Although he supports the development of renewables such as wind and solar power, Bushman says, “I don’t believe the PSC is a place to promote a renewable agenda.”

Tooley says he would be open to the idea of the PSC taking up more energy policy responsibility, should the Legislature allow it.

While he calls himself a strong supporter of Montana’s renewable energy projects, Tooley also emphasizes the need to keep rates fair and prevent price gouging.

He says he understands the need for utilities to make profits, which allow them to hire qualified employees, provide better service and invest in the future.

“But you don’t want to allow them to make too much profit,” he adds.

The supporters

Bushman is confident in his campaign, even in Yellowstone County, which he considers the most liberal county in the district.

In the June primaries, Bushman won the Republican nomination with 63.3 percent of 22,222 votes cast, while Tooley won the Democratic nomination with 56.4 percent of only 16,923 votes.

Despite his district’s Republican leanings, Tooley is unfazed by the primary numbers.

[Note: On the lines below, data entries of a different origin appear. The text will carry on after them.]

(* Let $T$ be a tree with positive edge weights rooted at the homebase $r$, let $q\ge 0$, and let $v$ be an internal vertex of $T$, i.e., a vertex different from $r$ with exactly one child. In a cost-optimal strategy exploring $T$, an agent occupying $v$ never returns, in its next move, to the vertex it occupied just before $v$.
   Context: Exploration model: given a connected graph with positive edge weights, a homebase vertex, and invoking cost $q\ge 0$, a strategy is a sequence of moves, each either invoking a new agent (appearing at the homebase) or an agent traversing an edge incident to its current vertex. A vertex is explored when first visited; the strategy explores the graph when every vertex has been visited by some agent (agents need not return). With $k$ agents, agent $i$ traversing total distance $d_i$ (weights counted with multiplicity), the cost is $kq+\sum_i d_i$; a strategy is cost-optimal if it explores the graph with minimum cost (off-line setting). *)

theory Defs
  imports Main Complex_Main
begin

definition is_walk :: "'a set set \<Rightarrow> 'a list \<Rightarrow> bool" where
  "is_walk E xs \<longleftrightarrow> xs \<noteq> [] \<and> (\<forall>i. Suc i < length xs \<longrightarrow> {xs ! i, xs ! Suc i} \<in> E)"

definition is_path :: "'a set set \<Rightarrow> 'a list \<Rightarrow> bool" where
  "is_path E xs \<longleftrightarrow> is_walk E xs \<and> distinct xs"

definition is_cycle :: "'a set set \<Rightarrow> 'a list \<Rightarrow> bool" where
  "is_cycle E xs \<longleftrightarrow> length xs \<ge> 3 \<and> is_path E xs \<and> {last xs, hd xs} \<in> E"

definition simple_graph :: "'a set \<Rightarrow> 'a set set \<Rightarrow> bool" where
  "simple_graph V E \<longleftrightarrow> finite V \<and> (\<forall>e\<in>E. \<exists>x y. x \<noteq> y \<and> x \<in> V \<and> y \<in> V \<and> e = {x, y})"

definition connected_graph :: "'a set \<Rightarrow> 'a set set \<Rightarrow> bool" where
  "connected_graph V E \<longleftrightarrow>
     (\<forall>x\<in>V. \<forall>y\<in>V. \<exists>xs. is_walk E xs \<and> hd xs = x \<and> last xs = y \<and> set xs \<subseteq> V)"

definition is_tree :: "'a set \<Rightarrow> 'a set set \<Rightarrow> bool" where
  "is_tree V E \<longleftrightarrow> simple_graph V E \<and> V \<noteq> {} \<and> connected_graph V E \<and> \<not> (\<exists>xs. is_cycle E xs)"

definition is_child :: "'a set set \<Rightarrow> 'a \<Rightarrow> 'a \<Rightarrow> 'a \<Rightarrow> bool" where
  "is_child E r v c \<longleftrightarrow> {v, c} \<in> E \<and> (\<exists>ps. is_path E (ps @ [v, c]) \<and> hd (ps @ [v, c]) = r)"

definition internal_vertex :: "'a set \<Rightarrow> 'a set set \<Rightarrow> 'a \<Rightarrow> 'a \<Rightarrow> bool" where
  "internal_vertex V E r v \<longleftrightarrow> v \<in> V \<and> v \<noteq> r \<and> card {c. is_child E r v c} = 1"
(* (1) If $\mathcal A=(X,(A,A^\vee),\kappa)$ is a cospectral algebraic quotient vector bundle, then for every open $U\subset X$, $\gamma_{F\circ\kappa}(U)=F\bigl(\gamma^\complement_\kappa(X\setminus U)\bigr)$; that is, $\complement\colon(\Omega X,(A^\vee,A),\gamma_{F\circ\kappa})\to((\mathcal CX)^{\mathrm{op}},(A^\vee,A),F\circ\gamma^\complement_\kappa)$, $U\mapsto X\setminus U$, is an $\mathrm{id}$-isomorphism. (2) If $\mathcal A=(X,(A,A^\vee),\kappa)$ is spectral, then for every closed $C\subset X$, $\gamma^\complement_{F\circ\kappa}(C)=F\bigl(\gamma_\kappa(X\setminus C)\bigr)$; that is, $\complement\colon((\Omega X)^{\mathrm{op}},(A^\vee,A),F\circ\gamma_\kappa)\to(\mathcal CX,(A^\vee,A),\gamma^\complement_{F\circ\kappa})$ is an $\mathrm{id}$-isomorphism. (3) For any algebraic linearized colocale $\mathfrak A^\complement=(L^\complement,(A,A^\vee),\gamma^\complement)$, the algebraic quotient vector bundles $\boldsymbol\Sigma\bigl((\mathfrak A^\complement)^\vee\bigr)$ and $(\boldsymbol I\mathfrak A^\complement)^\vee$ are isomorphic. (4) For any algebraic linearized locale $\mathfrak A=(L,(A,A^\vee),\gamma)$, the algebraic quotient vector bundles $(\boldsymbol\Sigma\mathfrak A)^\vee$ and $\boldsymbol I(\mathfrak A^\vee)$ are isomorphic.
   Context: A dual pair $(A,A^\vee)$ consists of complex vector spaces with a non-degenerate bilinear form $\langle\cdot,\cdot\rangle\colon A\times A^\vee\to\mathbb C$. For subspaces $V\subset A$, $\mathcal V\subset A^\vee$: $F(V)=\{\phi:\langle a,\phi\rangle=0\ \forall a\in V\}$, $G(\mathcal V)=\{a:\langle a,\phi\rangle=0\ \forall\phi\in\mathcal V\}$. $\mathrm{Max}\,A$ is the image of $G$, $\mathrm{Max}\,A^\vee$ the image of $F$; these are complete lattices, with join in $\mathrm{Max}\,A$ given by $\bigvee V_\alpha=G F(\mathrm{span}\bigcup V_\alpha)$ (similarly in $\mathrm{Max}\,A^\vee$). The pair $(A^\vee,A)$ is a dual pair with the transposed form. An algebraic quotient vector bundle is $(X,(A,A^\vee),\kappa)$, $X$ a space, $\kappa\colon X\to\mathrm{Max}\,A$ any map; its codual is $(X,(A^\vee,A),F\circ\kappa)$. It is spectral if $\{x:a\notin\kappa(x)\}$ is open for each $a\in A$, cospectral if $\{x:\kappa(x)\subset V\}$ is closed for each $V\in\mathrm{Max}\,A$. Restriction map: $\gamma_\kappa(U)=\mathrm{span}\{a:\mathrm{int}\{x:a\notin\kappa(x)\}\subset U\}$ for $U$ open. Corestriction map: $\gamma^\complement_\kappa(C)=\bigvee_{x\in C}\kappa(x)$ (join in $\mathrm{Max}\,A$) for $C$ closed. $\Omega X$, $\mathcal CX$: open and closed sets, $\mathrm{op}$ denotes opposite order. An $\mathrm{id}$-isomorphism $(L_1,(B,B^\vee),\gamma_1)\to(L_2,(B,B^\vee),\gamma_2)$ is a lattice isomorphism $h\colon L_1\to L_2$ with $\gamma_1=\gamma_2\circ h$. An algebraic linearized locale is $(L,(A,A^\vee),\gamma)$, $L$ a locale, $\gamma\colon L\to\mathrm{Max}\,A$ meet-preserving; an algebraic linearized colocale is $(L^\complement,(A,A^\vee),\gamma^\complement)$, $L^\complement$ a complete lattice whose opposite is a locale, $\gamma^\complement\colon L^\complement\to\mathrm{Max}\,A$ join-preserving. Codual of a linearized locale: $\mathfrak A^\vee=(L^{\mathrm{op}},(A^\vee,A),F\circ\gamma)$; codual of a linearized colocale: $(\mathfrak A^\complement)^\vee=((L^\complement)^{\mathrm{op}},(A^\vee,A),F\circ\gamma^\complement)$. For a locale $L$, $\Sigma L$ is the set of primes ($p\ne1$, $a\wedge b\le p\Rightarrow a\le p$ or $b\le p$) with open sets $\{p:a\not\le p\}$; $\boldsymbol\Sigma(L,(A,A^\vee),\gamma)=(\Sigma L,(A,A^\vee),\gamma|_{\Sigma L})$. For a colocale, $IL^\complement$ is the set of $c\ne0$ with $c\le a\vee b\Rightarrow c\le a$ or $c\le b$, closed sets $\{c:c\le a\}$; $\boldsymbol I(L^\complement,(A,A^\vee),\gamma^\complement)=(IL^\complement,(A,A^\vee),\gamma^\complement|_{IL^\complement})$. An isomorphism between algebraic quotient vector bundles $(X,(B,B^\vee),\kappa_1)$ and $(Y,(B,B^\vee),\kappa_2)$ with the same dual pair is a homeomorphism $h\colon X\to Y$ with $\kappa_2\circ h=\kappa_1$. *)

theory Defs
  imports "HOL-Analysis.Analysis" "HOL-Library.Dual_Ordered_Lattice"
begin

He says voters in the area know him well from his time as a Billings mayor and city councilman.

“I think a lot of people will vote for me even if they’re not in my party,” Tooley says.

Tooley’s prominent campaign contributors include PSC member Gail Gutsche of Missoula; former PSC member John Toole of Helena; Kim Gillan, the Democratic nominee for Congress; and Lt. Gov. John Bohlinger.

Bushman’s prominent contributors include PSC Chairman Travis Kavulla of Great Falls and Montana Senate Majority Leader Jeff Essmann of Billings.